**Problem statement**
Give the count of lines that hold the word "moreover" in this listing, with nothing added.

**Extracted information**
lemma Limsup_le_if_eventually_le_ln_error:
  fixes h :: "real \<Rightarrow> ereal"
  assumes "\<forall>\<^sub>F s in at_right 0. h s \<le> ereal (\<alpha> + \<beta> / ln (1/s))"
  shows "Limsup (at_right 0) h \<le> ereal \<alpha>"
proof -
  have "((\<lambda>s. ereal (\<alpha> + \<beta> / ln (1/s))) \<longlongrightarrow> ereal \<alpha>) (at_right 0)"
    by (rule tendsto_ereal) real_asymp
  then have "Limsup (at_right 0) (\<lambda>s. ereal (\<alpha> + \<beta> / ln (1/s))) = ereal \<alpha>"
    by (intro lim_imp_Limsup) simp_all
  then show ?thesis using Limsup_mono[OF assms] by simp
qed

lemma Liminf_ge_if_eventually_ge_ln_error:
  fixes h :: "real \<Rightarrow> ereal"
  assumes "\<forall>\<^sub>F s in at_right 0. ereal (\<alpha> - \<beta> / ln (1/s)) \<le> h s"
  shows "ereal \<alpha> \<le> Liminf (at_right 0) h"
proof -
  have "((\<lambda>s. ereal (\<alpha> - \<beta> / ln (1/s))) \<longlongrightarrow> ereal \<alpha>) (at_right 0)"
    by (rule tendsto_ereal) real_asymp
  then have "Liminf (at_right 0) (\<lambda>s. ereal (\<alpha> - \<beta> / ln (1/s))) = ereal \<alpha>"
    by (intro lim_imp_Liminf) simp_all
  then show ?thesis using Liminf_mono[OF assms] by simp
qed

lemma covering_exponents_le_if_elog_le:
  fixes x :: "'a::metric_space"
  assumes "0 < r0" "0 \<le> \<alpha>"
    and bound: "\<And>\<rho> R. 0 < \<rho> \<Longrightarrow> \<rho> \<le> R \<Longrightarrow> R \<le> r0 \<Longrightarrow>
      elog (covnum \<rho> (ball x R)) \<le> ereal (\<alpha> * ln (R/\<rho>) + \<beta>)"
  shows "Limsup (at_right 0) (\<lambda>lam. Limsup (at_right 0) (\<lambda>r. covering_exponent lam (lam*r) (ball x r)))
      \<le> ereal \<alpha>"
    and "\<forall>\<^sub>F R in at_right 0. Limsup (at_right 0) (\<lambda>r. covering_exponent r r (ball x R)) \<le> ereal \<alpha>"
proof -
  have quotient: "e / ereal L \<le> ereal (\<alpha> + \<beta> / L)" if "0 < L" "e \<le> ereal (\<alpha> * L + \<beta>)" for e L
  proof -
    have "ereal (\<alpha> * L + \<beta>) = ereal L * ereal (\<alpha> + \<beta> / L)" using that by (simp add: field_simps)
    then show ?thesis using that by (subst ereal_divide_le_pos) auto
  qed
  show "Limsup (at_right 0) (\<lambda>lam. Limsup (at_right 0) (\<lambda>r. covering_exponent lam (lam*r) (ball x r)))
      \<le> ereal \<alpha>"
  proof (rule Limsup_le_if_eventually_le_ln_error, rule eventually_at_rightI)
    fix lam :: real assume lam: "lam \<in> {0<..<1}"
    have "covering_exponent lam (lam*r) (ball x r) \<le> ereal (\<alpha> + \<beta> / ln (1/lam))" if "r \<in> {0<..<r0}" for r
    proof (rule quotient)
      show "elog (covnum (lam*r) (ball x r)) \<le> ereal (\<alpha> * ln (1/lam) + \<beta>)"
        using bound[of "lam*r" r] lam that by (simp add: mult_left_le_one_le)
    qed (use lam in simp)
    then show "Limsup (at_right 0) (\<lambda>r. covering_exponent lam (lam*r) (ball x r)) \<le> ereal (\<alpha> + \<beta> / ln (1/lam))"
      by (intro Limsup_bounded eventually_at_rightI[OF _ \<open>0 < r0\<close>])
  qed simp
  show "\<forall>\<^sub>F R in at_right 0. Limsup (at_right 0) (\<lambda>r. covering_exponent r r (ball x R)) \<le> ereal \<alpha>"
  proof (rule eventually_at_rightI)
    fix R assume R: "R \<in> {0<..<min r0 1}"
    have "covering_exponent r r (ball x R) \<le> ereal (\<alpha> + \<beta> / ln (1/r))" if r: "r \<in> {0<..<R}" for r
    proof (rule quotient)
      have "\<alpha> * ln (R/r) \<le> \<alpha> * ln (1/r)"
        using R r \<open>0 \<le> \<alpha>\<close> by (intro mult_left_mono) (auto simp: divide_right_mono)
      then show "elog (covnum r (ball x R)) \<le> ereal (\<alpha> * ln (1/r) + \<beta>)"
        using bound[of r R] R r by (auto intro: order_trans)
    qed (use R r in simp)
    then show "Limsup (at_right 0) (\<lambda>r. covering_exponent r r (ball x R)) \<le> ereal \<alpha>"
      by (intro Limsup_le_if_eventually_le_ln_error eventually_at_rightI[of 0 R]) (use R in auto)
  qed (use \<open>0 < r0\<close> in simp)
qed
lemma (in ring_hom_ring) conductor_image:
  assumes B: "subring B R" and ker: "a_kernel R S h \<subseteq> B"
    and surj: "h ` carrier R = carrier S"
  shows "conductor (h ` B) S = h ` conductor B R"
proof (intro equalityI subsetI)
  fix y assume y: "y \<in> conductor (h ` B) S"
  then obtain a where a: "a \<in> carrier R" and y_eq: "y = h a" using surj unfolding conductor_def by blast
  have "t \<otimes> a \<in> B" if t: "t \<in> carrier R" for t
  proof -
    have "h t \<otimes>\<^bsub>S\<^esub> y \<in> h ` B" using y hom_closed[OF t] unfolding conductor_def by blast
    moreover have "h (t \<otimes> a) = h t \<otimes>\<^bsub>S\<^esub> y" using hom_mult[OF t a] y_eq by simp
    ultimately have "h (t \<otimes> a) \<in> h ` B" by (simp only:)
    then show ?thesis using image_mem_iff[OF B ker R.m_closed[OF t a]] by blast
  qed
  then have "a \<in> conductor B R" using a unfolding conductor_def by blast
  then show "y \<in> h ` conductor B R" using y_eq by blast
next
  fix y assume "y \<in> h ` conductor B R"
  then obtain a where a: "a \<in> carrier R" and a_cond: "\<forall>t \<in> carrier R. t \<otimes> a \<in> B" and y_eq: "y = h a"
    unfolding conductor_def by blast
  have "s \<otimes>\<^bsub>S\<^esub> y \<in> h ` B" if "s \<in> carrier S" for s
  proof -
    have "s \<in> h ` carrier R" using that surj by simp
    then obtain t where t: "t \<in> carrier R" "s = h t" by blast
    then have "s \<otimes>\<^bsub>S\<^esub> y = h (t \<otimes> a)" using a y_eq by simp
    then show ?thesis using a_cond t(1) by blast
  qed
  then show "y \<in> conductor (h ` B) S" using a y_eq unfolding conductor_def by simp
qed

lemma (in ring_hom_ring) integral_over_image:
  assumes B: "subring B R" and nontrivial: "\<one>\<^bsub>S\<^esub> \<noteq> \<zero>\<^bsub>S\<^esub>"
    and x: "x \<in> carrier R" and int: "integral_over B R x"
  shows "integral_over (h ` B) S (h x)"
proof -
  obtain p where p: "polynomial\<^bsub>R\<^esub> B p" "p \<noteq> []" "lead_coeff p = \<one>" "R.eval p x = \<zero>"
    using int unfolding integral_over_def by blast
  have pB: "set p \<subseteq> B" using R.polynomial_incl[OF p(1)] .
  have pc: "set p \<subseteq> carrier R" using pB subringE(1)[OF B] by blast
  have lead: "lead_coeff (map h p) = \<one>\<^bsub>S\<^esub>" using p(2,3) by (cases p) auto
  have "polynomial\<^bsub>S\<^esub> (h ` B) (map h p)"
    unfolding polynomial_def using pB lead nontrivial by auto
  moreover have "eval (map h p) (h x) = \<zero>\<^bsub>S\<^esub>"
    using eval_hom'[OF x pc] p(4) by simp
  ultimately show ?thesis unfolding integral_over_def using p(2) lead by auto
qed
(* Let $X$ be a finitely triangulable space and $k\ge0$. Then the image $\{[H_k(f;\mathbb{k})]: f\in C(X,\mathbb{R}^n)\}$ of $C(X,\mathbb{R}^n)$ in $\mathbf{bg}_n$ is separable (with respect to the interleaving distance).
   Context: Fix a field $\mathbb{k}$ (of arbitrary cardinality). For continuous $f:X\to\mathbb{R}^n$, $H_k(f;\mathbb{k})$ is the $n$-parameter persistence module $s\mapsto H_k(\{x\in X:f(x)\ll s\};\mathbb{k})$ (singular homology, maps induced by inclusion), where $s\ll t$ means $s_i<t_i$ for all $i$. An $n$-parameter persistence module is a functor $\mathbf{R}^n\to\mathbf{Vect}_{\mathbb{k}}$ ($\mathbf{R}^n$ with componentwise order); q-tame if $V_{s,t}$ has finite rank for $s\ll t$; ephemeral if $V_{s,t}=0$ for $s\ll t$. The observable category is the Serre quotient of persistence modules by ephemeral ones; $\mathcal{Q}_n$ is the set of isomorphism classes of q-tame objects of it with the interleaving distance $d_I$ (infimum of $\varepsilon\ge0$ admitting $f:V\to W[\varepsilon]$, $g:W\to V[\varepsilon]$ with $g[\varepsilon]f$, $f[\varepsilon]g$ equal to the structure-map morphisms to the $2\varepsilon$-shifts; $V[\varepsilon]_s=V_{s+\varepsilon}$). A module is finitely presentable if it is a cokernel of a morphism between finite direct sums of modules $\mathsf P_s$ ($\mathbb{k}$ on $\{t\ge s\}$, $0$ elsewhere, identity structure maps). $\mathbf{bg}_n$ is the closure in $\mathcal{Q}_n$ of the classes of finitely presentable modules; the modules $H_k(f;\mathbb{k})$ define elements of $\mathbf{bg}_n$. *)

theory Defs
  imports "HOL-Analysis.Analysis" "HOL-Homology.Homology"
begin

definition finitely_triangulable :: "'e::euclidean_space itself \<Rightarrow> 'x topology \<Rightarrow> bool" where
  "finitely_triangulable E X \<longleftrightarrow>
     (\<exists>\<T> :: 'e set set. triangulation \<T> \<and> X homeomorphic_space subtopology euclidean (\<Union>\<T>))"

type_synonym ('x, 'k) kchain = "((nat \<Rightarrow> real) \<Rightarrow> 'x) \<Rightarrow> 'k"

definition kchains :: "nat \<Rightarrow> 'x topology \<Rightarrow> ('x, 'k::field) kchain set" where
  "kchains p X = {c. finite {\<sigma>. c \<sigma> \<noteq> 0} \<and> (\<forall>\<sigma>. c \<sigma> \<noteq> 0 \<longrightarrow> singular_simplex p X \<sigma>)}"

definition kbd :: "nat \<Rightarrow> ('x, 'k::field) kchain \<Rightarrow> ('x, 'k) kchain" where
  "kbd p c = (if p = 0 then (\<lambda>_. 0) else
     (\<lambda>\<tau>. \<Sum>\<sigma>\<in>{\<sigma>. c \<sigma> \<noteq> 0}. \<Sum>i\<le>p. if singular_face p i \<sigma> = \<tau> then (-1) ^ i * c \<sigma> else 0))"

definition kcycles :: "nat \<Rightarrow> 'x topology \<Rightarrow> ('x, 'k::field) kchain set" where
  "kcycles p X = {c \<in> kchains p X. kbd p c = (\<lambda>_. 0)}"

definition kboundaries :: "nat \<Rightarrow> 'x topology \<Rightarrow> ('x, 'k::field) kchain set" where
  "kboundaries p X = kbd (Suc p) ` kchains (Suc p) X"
---
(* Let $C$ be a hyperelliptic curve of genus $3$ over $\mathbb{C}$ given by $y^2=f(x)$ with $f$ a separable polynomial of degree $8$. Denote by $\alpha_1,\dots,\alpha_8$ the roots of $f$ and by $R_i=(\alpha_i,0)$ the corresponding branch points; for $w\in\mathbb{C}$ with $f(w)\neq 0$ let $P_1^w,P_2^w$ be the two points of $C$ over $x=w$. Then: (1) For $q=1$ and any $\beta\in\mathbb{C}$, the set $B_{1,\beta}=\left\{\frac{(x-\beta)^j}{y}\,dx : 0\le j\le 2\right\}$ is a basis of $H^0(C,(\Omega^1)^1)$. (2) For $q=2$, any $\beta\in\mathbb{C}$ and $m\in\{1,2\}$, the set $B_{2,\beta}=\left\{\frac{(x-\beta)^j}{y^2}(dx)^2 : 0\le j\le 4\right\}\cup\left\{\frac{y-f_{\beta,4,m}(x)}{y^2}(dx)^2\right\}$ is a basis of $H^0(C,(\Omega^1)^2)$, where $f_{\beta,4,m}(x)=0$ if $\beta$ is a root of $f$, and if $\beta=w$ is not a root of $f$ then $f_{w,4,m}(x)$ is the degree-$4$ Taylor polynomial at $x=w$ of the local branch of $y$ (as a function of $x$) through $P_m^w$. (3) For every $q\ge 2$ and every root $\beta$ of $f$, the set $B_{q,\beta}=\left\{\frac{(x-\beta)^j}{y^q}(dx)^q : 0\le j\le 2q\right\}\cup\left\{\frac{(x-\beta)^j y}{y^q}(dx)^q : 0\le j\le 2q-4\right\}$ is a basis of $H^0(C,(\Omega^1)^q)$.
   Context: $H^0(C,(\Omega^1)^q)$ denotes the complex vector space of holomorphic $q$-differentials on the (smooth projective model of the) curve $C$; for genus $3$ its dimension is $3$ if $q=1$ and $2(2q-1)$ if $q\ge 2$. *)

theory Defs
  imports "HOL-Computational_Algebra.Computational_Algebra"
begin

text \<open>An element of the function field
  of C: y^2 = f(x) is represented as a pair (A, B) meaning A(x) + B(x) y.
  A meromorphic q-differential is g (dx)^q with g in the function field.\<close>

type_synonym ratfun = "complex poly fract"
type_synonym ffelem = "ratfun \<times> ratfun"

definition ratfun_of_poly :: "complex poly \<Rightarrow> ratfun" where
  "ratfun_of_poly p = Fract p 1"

**Exercise result**
2